BEGIN MATERIAL SUPPLIED

(* Let $I=\langle N,M,V\rangle$ be an ordered instance of chores with $n$ agents and $m=n+c$ chores for some integer $c>0$, and let $c'=c-1$. Assume there exists an integer $n_{c'}>0$ such that every instance of chores with $n'\ge n_{c'}$ agents and $m'=n'+c'$ chores has an MMS allocation, and that $n>n_{c'}$. If some agent $i\in N$ has an MMS partition in which at least $n-2$ bundles have size less than two and at least $n-1$ bundles have size less than three, then $I$ has an MMS allocation.
   Context: An instance of chores $I=\langle N,M,V\rangle$ has agents $N=\{1,\dots,n\}$, chores $M=\{1,\dots,m\}$ and additive valuations $v_i$ with $v_i(\emptyset)=0$, $v_i(S)=\sum_{g\in S}v_i(\{g\})$ and $v_{ij}:=v_i(\{j\})\le 0$. It is ordered if $v_{ij}\le v_{i(j+1)}$ for all $i$ and $1\le j<m$. An allocation ($n$-partition) is an ordered $n$-tuple of pairwise disjoint, possibly empty subsets of $M$ with union $M$. The maximin share of $i$ is $\mu_i=\max_A\min_j v_i(A_j)$ over all allocations; an MMS partition of $i$ is an allocation $A$ with $v_i(A_j)\ge\mu_i$ for all $j$; an MMS allocation is an allocation with $v_i(A_i)\ge\mu_i$ for all $i$. The size of a bundle is its cardinality. *)

theory Defs
  imports Complex_Main
begin

(* An instance with n agents {1..n} and m chores {1..m}; v i j is the value of chore j
   for agent i (additive valuations are determined by the single-item values). *)

definition val :: "(nat \<Rightarrow> nat \<Rightarrow> real) \<Rightarrow> nat \<Rightarrow> nat set \<Rightarrow> real" where
  "val v i S = (\<Sum>g\<in>S. v i g)"

definition chores_inst :: "nat \<Rightarrow> nat \<Rightarrow> (nat \<Rightarrow> nat \<Rightarrow> real) \<Rightarrow> bool" where
  "chores_inst n m v \<longleftrightarrow> (\<forall>i\<in>{1..n}. \<forall>j\<in>{1..m}. v i j \<le> 0)"

definition ordered_inst :: "nat \<Rightarrow> nat \<Rightarrow> (nat \<Rightarrow> nat \<Rightarrow> real) \<Rightarrow> bool" where
  "ordered_inst n m v \<longleftrightarrow> (\<forall>i\<in>{1..n}. \<forall>j. 1 \<le> j \<and> j < m \<longrightarrow> v i j \<le> v i (j + 1))"

definition is_alloc :: "nat \<Rightarrow> nat \<Rightarrow> (nat \<Rightarrow> nat set) \<Rightarrow> bool" where
  "is_alloc n m A \<longleftrightarrow>
     (\<forall>i\<in>{1..n}. A i \<subseteq> {1..m}) \<and>
     (\<forall>i\<in>{1..n}. \<forall>j\<in>{1..n}. i \<noteq> j \<longrightarrow> A i \<inter> A j = {}) \<and>
     (\<Union>i\<in>{1..n}. A i) = {1..m}"

definition min_val :: "nat \<Rightarrow> (nat \<Rightarrow> nat \<Rightarrow> real) \<Rightarrow> nat \<Rightarrow> (nat \<Rightarrow> nat set) \<Rightarrow> real" where
  "min_val n v i A = Min ((\<lambda>j. val v i (A j)) ` {1..n})"

definition mms :: "nat \<Rightarrow> nat \<Rightarrow> (nat \<Rightarrow> nat \<Rightarrow> real) \<Rightarrow> nat \<Rightarrow> real" where
  "mms n m v i = Max {min_val n v i A | A. is_alloc n m A}"

definition mms_partition :: "nat \<Rightarrow> nat \<Rightarrow> (nat \<Rightarrow> nat \<Rightarrow> real) \<Rightarrow> nat \<Rightarrow> (nat \<Rightarrow> nat set) \<Rightarrow> bool" where
  "mms_partition n m v i A \<longleftrightarrow> is_alloc n m A \<and> (\<forall>j\<in>{1..n}. val v i (A j) \<ge> mms n m v i)"

definition mms_alloc :: "nat \<Rightarrow> nat \<Rightarrow> (nat \<Rightarrow> nat \<Rightarrow> real) \<Rightarrow> (nat \<Rightarrow> nat set) \<Rightarrow> bool" where
  "mms_alloc n m v A \<longleftrightarrow> is_alloc n m A \<and> (\<forall>i\<in>{1..n}. val v i (A i) \<ge> mms n m v i)"

end

(*
  Take agent i's MMS partition P. The size conditions provide two bundles P L and P j0 with
  |P j0| <= 2 outside of which at most n - 2 chores remain. If some other agent a accepts P j0,
  give P L to i, P j0 to a and the remaining chores one by one to the other agents: for chores,
  a bundle of at most one chore always meets the maximin share. Otherwise P j0 = {x, y} is
  rejected by every other agent and i takes it. For every other agent x and y lie in different
  bundles of its MMS partition (together they are worth less than its share), so merging these
  two bundles after removing x and y gives an (n - 1)-partition of the remaining chores with the
  same guarantee. Hence the reduced instance, with n - 1 agents and (n - 1) + (c - 1) chores,
  has maximin shares at least as large, and its MMS allocation completes the allocation.
*)
theory Submission
  imports Defs "HOL-Library.Disjoint_Sets"
begin

(* Unlike partition_on, bundles are indexed by agents and may be empty. *)
definition alloc_on :: "'i set \<Rightarrow> 'c set \<Rightarrow> ('i \<Rightarrow> 'c set) \<Rightarrow> bool" where
  "alloc_on I Y A \<longleftrightarrow> disjoint_family_on A I \<and> (\<Union>a\<in>I. A a) = Y"

lemma is_alloc_iff_alloc_on: "is_alloc n m A \<longleftrightarrow> alloc_on {1..n} {1..m} A"
  unfolding is_alloc_def alloc_on_def disjoint_family_on_def by blast

lemma alloc_on_subset: "alloc_on I Y A \<Longrightarrow> a \<in> I \<Longrightarrow> A a \<subseteq> Y"
  unfolding alloc_on_def by blast

lemma alloc_on_disjoint: "alloc_on I Y A \<Longrightarrow> a \<in> I \<Longrightarrow> b \<in> I \<Longrightarrow> a \<noteq> b \<Longrightarrow> A a \<inter> A b = {}"
  unfolding alloc_on_def disjoint_family_on_def by blast

lemma alloc_on_union:
  assumes "alloc_on S U A" "alloc_on S' U' A'" "S \<inter> S' = {}" "U \<inter> U' = {}"
  shows "alloc_on (S \<union> S') (U \<union> U') (\<lambda>a. if a \<in> S then A a else A' a)"
proof -
  have "A a \<inter> A' b = {}" "A' b \<inter> A a = {}" if "a \<in> S" "b \<in> S'" for a b
    using that assms(4) alloc_on_subset[OF assms(1)] alloc_on_subset[OF assms(2)] by blast+
  then show ?thesis
    using assms(1-3) unfolding alloc_on_def disjoint_family_on_def by (auto; blast)
qed

lemma alloc_on_transport:
  assumes "alloc_on I Y A" "bij_betw \<sigma> I' I" "bij_betw \<tau> Y Y'"
  shows "alloc_on I' Y' (\<lambda>a. \<tau> ` A (\<sigma> a))"
  unfolding alloc_on_def
proof
  show "disjoint_family_on (\<lambda>a. \<tau> ` A (\<sigma> a)) I'"
    unfolding disjoint_family_on_def
  proof (intro ballI impI)
    fix a b assume ab: "a \<in> I'" "b \<in> I'" "a \<noteq> b"
    have "\<sigma> a \<in> I" "\<sigma> b \<in> I" "\<sigma> a \<noteq> \<sigma> b"
      using ab assms(2) by (auto simp: bij_betw_def inj_on_def)
    then have "A (\<sigma> a) \<inter> A (\<sigma> b) = {}" "A (\<sigma> a) \<subseteq> Y" "A (\<sigma> b) \<subseteq> Y"
      using alloc_on_disjoint[OF assms(1)] alloc_on_subset[OF assms(1)] by auto
    moreover have "inj_on \<tau> Y" using assms(3) by (simp add: bij_betw_def)
    ultimately show "\<tau> ` A (\<sigma> a) \<inter> \<tau> ` A (\<sigma> b) = {}"
      by (metis image_empty inj_on_image_Int)
  qed
  have "(\<Union>a\<in>I'. \<tau> ` A (\<sigma> a)) = \<tau> ` (\<Union>b\<in>\<sigma> ` I'. A b)" by blast
  also have "\<dots> = Y'" using assms by (simp add: alloc_on_def bij_betw_def)
  finally show "(\<Union>a\<in>I'. \<tau> ` A (\<sigma> a)) = Y'" .
qed

lemma alloc_on_singletons:
  assumes "finite Y" "finite I" "card Y \<le> card I"
  obtains A where "alloc_on I Y A" "\<forall>a\<in>I. card (A a) \<le> 1"
proof -
  obtain f where f: "f ` Y \<subseteq> I" "inj_on f Y" using card_le_inj[OF assms] by blast
  define A where "A a = {y\<in>Y. f y = a}" for a
  have "alloc_on I Y A" using f(1) unfolding alloc_on_def disjoint_family_on_def A_def by auto
  moreover have "card (A a) \<le> 1" for a
    using f(2) assms(1) unfolding A_def inj_on_def by (auto simp: card_le_Suc0_iff_eq)
  ultimately show thesis using that by blast
qed

lemma alloc_on_merge:
  assumes "alloc_on I Y Q" "k \<in> I" "l \<in> I" "k \<noteq> l" "x \<in> Q k" "y \<in> Q l"
  shows "alloc_on (I - {l}) (Y - {x, y}) (Q(k := (Q k - {x}) \<union> (Q l - {y})))"
    (is "alloc_on _ _ ?R")
  unfolding alloc_on_def
proof
  have disj: "Q j \<inter> Q j' = {}" if "j \<in> I" "j' \<in> I" "j \<noteq> j'" for j j'
    using alloc_on_disjoint[OF assms(1) that] .
  show "disjoint_family_on ?R (I - {l})"
    unfolding disjoint_family_on_def
  proof (intro ballI impI)
    fix j j' assume "j \<in> I - {l}" "j' \<in> I - {l}" "j \<noteq> j'"
    then show "?R j \<inter> ?R j' = {}"
      using disj assms(2,3) by (cases "j = k"; cases "j' = k") auto
  qed
  have "x \<notin> Q j" if "j \<in> I" "j \<noteq> k" for j using disj that assms(2,5) by blast
  moreover have "y \<notin> Q j" if "j \<in> I" "j \<noteq> l" for j using disj that assms(3,6) by blast
  moreover have "(\<Union>j\<in>I. Q j) = Y" using assms(1) unfolding alloc_on_def by blast
  ultimately show "(\<Union>j\<in>I - {l}. ?R j) = Y - {x, y}"
    using assms(2-4) by auto
qed

lemma card_UN_le_card_index:
  assumes "finite I" "\<forall>a\<in>I. card (A a) \<le> 1"
  shows "card (\<Union>a\<in>I. A a) \<le> card I"
proof -
  have "card (\<Union>a\<in>I. A a) \<le> (\<Sum>a\<in>I. card (A a))" by (rule card_UN_le[OF assms(1)])
  also have "\<dots> \<le> (\<Sum>a\<in>I. 1)" using assms(2) by (intro sum_mono) auto
  finally show ?thesis by simp
qed

lemma val_antimono:
  assumes "finite S" "S' \<subseteq> S" "\<forall>g\<in>S. v a g \<le> 0"
  shows "val v a S \<le> val v a S'"
proof -
  have "val v a S = val v a (S - S') + val v a S'"
    unfolding val_def by (rule sum.subset_diff[OF assms(2,1)])
  moreover have "val v a (S - S') \<le> 0" unfolding val_def using assms(3) by (intro sum_nonpos) auto
  ultimately show ?thesis by simp
qed

lemma finite_min_vals:
  assumes "1 \<le> n"
  shows "finite {min_val n v a A |A. is_alloc n m A}"
proof (rule finite_subset)
  show "{min_val n v a A |A. is_alloc n m A} \<subseteq> val v a ` Pow {1..m}"
  proof
    fix x assume "x \<in> {min_val n v a A |A. is_alloc n m A}"
    then obtain A where A: "is_alloc n m A" "x = min_val n v a A" by blast
    have "x \<in> (\<lambda>j. val v a (A j)) ` {1..n}"
      unfolding A(2) min_val_def using assms by (intro Min_in) auto
    then obtain j where "j \<in> {1..n}" "x = val v a (A j)" by blast
    moreover have "A j \<subseteq> {1..m}" using A(1) \<open>j \<in> {1..n}\<close> unfolding is_alloc_def by blast
    ultimately show "x \<in> val v a ` Pow {1..m}" by blast
  qed
qed simp

lemma mms_geI:
  assumes "1 \<le> n" "is_alloc n m A" "\<forall>j\<in>{1..n}. t \<le> val v a (A j)"
  shows "t \<le> mms n m v a"
proof -
  have "t \<le> min_val n v a A" unfolding min_val_def using assms by (subst Min_ge_iff) auto
  also have "\<dots> \<le> mms n m v a" unfolding mms_def
    using assms(2) by (intro Max_ge[OF finite_min_vals[OF assms(1)]]) blast
  finally show ?thesis .
qed

lemma mms_partition_exists:
  assumes "1 \<le> n"
  obtains Q where "mms_partition n m v a Q"
proof -
  have "is_alloc n m (\<lambda>j. if j = 1 then {1..m} else {})" unfolding is_alloc_def using assms by auto
  then have "mms n m v a \<in> {min_val n v a A |A. is_alloc n m A}"
    unfolding mms_def by (intro Max_in[OF finite_min_vals[OF assms]]) blast+
  then obtain Q where "is_alloc n m Q" "mms n m v a = min_val n v a Q" by blast
  then have "mms_partition n m v a Q" unfolding mms_partition_def min_val_def by auto
  then show thesis by (rule that)
qed

lemma mms_le_val_if_card_le_1:
  assumes "chores_inst n m v" "1 \<le> n" "a \<in> {1..n}" "S \<subseteq> {1..m}" "card S \<le> 1"
  shows "mms n m v a \<le> val v a S"
proof -
  obtain Q where Q: "is_alloc n m Q" "\<forall>j\<in>{1..n}. mms n m v a \<le> val v a (Q j)"
    using mms_partition_exists[OF assms(2)] unfolding mms_partition_def by blast
  obtain k where k: "k \<in> {1..n}" "S \<subseteq> Q k"
  proof (cases "S = {}")
    case True
    then show thesis using that[of 1] assms(2) by simp
  next
    case False
    then have "card S = 1"
      using assms(4,5) by (metis One_nat_def card_0_eq finite_atLeastAtMost finite_subset le_Suc_eq le_zero_eq)
    then obtain g where "S = {g}" by (rule card_1_singletonE)
    moreover have "g \<in> (\<Union>j\<in>{1..n}. Q j)" using assms(4) Q(1) \<open>S = {g}\<close> unfolding is_alloc_def by auto
    ultimately show thesis using that by blast
  qed
  have "Q k \<subseteq> {1..m}" using Q(1) k(1) unfolding is_alloc_def by blast
  then have "val v a (Q k) \<le> val v a S"
    using assms(1,3) k(2) unfolding chores_inst_def by (intro val_antimono) (auto intro: finite_subset)
  then show ?thesis using Q(2) k(1) by fastforce
qed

END MATERIAL SUPPLIED

*WORK REQUIRED*
A word-for-word copy of the lines above from the one with "assms(1) unfolding alloc_on_def by blast" through the one with "(\<lambda>j. val v a", inclusive, is the only output wanted.

*ANSWER AREA*
  moreover have "(\<Union>j\<in>I. Q j) = Y" using assms(1) unfolding alloc_on_def by blast
  ultimately show "(\<Union>j\<in>I - {l}. ?R j) = Y - {x, y}"
    using assms(2-4) by auto
qed

lemma card_UN_le_card_index:
  assumes "finite I" "\<forall>a\<in>I. card (A a) \<le> 1"
  shows "card (\<Union>a\<in>I. A a) \<le> card I"
proof -
  have "card (\<Union>a\<in>I. A a) \<le> (\<Sum>a\<in>I. card (A a))" by (rule card_UN_le[OF assms(1)])
  also have "\<dots> \<le> (\<Sum>a\<in>I. 1)" using assms(2) by (intro sum_mono) auto
  finally show ?thesis by simp
qed

lemma val_antimono:
  assumes "finite S" "S' \<subseteq> S" "\<forall>g\<in>S. v a g \<le> 0"
  shows "val v a S \<le> val v a S'"
proof -
  have "val v a S = val v a (S - S') + val v a S'"
    unfolding val_def by (rule sum.subset_diff[OF assms(2,1)])
  moreover have "val v a (S - S') \<le> 0" unfolding val_def using assms(3) by (intro sum_nonpos) auto
  ultimately show ?thesis by simp
qed

lemma finite_min_vals:
  assumes "1 \<le> n"
  shows "finite {min_val n v a A |A. is_alloc n m A}"
proof (rule finite_subset)
  show "{min_val n v a A |A. is_alloc n m A} \<subseteq> val v a ` Pow {1..m}"
  proof
    fix x assume "x \<in> {min_val n v a A |A. is_alloc n m A}"
    then obtain A where A: "is_alloc n m A" "x = min_val n v a A" by blast
    have "x \<in> (\<lambda>j. val v a (A j)) ` {1..n}"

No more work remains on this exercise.